### Required work:
Each line below containing the word "forall" needs to be shown.
______________________________
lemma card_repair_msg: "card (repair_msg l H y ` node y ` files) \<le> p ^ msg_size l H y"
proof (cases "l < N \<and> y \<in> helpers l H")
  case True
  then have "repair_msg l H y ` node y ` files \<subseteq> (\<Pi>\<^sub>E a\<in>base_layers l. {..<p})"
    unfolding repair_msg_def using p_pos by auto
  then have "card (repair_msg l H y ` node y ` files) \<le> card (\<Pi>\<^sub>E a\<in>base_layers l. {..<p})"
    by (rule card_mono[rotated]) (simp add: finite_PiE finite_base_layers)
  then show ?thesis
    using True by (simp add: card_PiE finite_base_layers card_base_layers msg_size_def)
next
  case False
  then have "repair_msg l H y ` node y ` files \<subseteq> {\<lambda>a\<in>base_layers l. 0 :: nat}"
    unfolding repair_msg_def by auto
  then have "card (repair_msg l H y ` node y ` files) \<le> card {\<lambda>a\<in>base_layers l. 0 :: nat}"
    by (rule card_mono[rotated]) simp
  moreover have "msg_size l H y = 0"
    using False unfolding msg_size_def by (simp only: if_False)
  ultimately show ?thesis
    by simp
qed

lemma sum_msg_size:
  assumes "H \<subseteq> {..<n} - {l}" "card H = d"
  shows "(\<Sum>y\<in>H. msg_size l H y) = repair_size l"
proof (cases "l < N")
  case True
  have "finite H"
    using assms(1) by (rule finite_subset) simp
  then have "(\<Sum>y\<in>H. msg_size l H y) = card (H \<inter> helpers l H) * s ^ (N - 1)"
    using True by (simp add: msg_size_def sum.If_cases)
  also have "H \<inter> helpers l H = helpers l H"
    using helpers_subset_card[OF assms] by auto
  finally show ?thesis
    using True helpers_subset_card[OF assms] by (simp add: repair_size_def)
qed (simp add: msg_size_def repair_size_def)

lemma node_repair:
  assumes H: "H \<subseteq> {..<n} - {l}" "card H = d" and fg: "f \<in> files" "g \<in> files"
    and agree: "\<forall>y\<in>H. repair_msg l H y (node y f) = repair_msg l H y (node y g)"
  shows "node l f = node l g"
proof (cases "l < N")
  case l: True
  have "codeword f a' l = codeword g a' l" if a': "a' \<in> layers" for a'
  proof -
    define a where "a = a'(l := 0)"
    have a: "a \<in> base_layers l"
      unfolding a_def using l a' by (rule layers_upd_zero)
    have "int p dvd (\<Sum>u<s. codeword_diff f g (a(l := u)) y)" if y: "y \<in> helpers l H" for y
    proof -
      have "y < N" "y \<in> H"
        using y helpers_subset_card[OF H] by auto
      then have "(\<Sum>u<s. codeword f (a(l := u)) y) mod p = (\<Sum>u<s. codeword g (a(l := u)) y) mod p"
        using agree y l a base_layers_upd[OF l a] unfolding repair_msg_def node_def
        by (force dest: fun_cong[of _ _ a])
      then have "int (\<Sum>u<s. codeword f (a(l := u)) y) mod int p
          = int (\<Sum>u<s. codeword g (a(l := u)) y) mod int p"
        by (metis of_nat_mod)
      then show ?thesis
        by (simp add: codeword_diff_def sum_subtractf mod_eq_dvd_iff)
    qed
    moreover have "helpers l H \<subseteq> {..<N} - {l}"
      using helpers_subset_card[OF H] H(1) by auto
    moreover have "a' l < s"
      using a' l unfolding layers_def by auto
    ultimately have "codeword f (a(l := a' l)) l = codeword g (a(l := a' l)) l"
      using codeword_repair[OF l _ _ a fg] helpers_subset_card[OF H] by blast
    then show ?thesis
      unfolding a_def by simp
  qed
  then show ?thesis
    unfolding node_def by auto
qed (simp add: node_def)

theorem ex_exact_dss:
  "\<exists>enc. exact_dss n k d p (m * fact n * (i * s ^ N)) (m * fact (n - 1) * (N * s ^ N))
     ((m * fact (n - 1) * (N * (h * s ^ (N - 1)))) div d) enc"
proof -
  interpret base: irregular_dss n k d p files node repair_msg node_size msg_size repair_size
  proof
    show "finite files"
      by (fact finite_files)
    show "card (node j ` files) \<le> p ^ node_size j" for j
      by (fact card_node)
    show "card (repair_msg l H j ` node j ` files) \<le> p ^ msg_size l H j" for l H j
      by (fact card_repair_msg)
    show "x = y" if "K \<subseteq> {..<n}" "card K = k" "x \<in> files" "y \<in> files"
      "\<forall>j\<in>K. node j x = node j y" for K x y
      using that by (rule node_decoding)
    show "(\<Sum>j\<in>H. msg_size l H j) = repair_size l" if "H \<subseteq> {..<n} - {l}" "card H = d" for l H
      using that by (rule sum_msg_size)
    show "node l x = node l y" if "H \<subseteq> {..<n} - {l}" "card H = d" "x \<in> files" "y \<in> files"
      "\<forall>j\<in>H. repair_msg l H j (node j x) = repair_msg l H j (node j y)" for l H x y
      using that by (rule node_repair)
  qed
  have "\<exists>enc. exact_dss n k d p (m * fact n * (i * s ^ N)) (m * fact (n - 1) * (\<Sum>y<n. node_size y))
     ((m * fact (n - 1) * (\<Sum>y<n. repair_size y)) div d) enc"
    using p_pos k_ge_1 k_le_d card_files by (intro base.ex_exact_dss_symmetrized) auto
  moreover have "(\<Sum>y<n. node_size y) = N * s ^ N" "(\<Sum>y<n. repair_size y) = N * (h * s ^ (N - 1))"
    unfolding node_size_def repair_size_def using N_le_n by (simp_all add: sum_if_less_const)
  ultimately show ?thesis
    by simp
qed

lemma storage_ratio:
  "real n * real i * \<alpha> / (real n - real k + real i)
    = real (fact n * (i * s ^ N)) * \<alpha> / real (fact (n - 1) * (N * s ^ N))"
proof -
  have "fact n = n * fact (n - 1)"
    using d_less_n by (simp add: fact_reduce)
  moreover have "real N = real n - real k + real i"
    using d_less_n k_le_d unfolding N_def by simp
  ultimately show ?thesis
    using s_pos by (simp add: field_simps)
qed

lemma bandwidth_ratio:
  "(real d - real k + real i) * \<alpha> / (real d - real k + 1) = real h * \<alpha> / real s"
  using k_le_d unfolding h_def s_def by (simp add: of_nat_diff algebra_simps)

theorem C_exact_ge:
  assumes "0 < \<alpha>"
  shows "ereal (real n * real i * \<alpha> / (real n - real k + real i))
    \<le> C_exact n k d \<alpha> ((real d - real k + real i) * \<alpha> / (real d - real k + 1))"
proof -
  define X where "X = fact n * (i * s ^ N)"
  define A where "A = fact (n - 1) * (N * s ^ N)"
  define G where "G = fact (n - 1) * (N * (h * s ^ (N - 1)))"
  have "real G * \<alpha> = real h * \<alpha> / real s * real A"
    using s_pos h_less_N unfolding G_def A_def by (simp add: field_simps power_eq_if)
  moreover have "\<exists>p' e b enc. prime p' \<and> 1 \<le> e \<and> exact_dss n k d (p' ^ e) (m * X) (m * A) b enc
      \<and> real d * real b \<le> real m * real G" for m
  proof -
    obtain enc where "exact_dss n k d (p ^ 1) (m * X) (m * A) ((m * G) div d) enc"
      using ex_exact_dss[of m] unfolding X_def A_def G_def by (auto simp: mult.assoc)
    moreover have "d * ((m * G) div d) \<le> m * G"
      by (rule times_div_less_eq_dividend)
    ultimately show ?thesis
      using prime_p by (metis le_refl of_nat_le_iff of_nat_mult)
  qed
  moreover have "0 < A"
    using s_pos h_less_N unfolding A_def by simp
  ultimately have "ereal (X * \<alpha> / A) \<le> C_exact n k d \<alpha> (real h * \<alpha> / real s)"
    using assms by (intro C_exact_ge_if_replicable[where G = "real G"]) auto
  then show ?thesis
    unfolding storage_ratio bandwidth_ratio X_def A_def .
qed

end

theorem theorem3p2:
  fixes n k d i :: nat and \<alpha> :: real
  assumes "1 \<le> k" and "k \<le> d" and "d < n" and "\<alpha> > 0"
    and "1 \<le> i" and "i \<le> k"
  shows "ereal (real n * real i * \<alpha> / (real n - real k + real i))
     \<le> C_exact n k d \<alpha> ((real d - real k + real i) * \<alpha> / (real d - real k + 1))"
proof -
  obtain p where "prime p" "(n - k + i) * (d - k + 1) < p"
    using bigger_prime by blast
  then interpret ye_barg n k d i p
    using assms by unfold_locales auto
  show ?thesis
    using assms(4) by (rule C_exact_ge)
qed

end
______________________________
### Result below:
    and agree: "\<forall>y\<in>H. repair_msg l H y (node y f) = repair_msg l H y (node y g)"
      "\<forall>j\<in>K. node j x = node j y" for K x y
      "\<forall>j\<in>H. repair_msg l H j (node j x) = repair_msg l H j (node j y)" for l H x y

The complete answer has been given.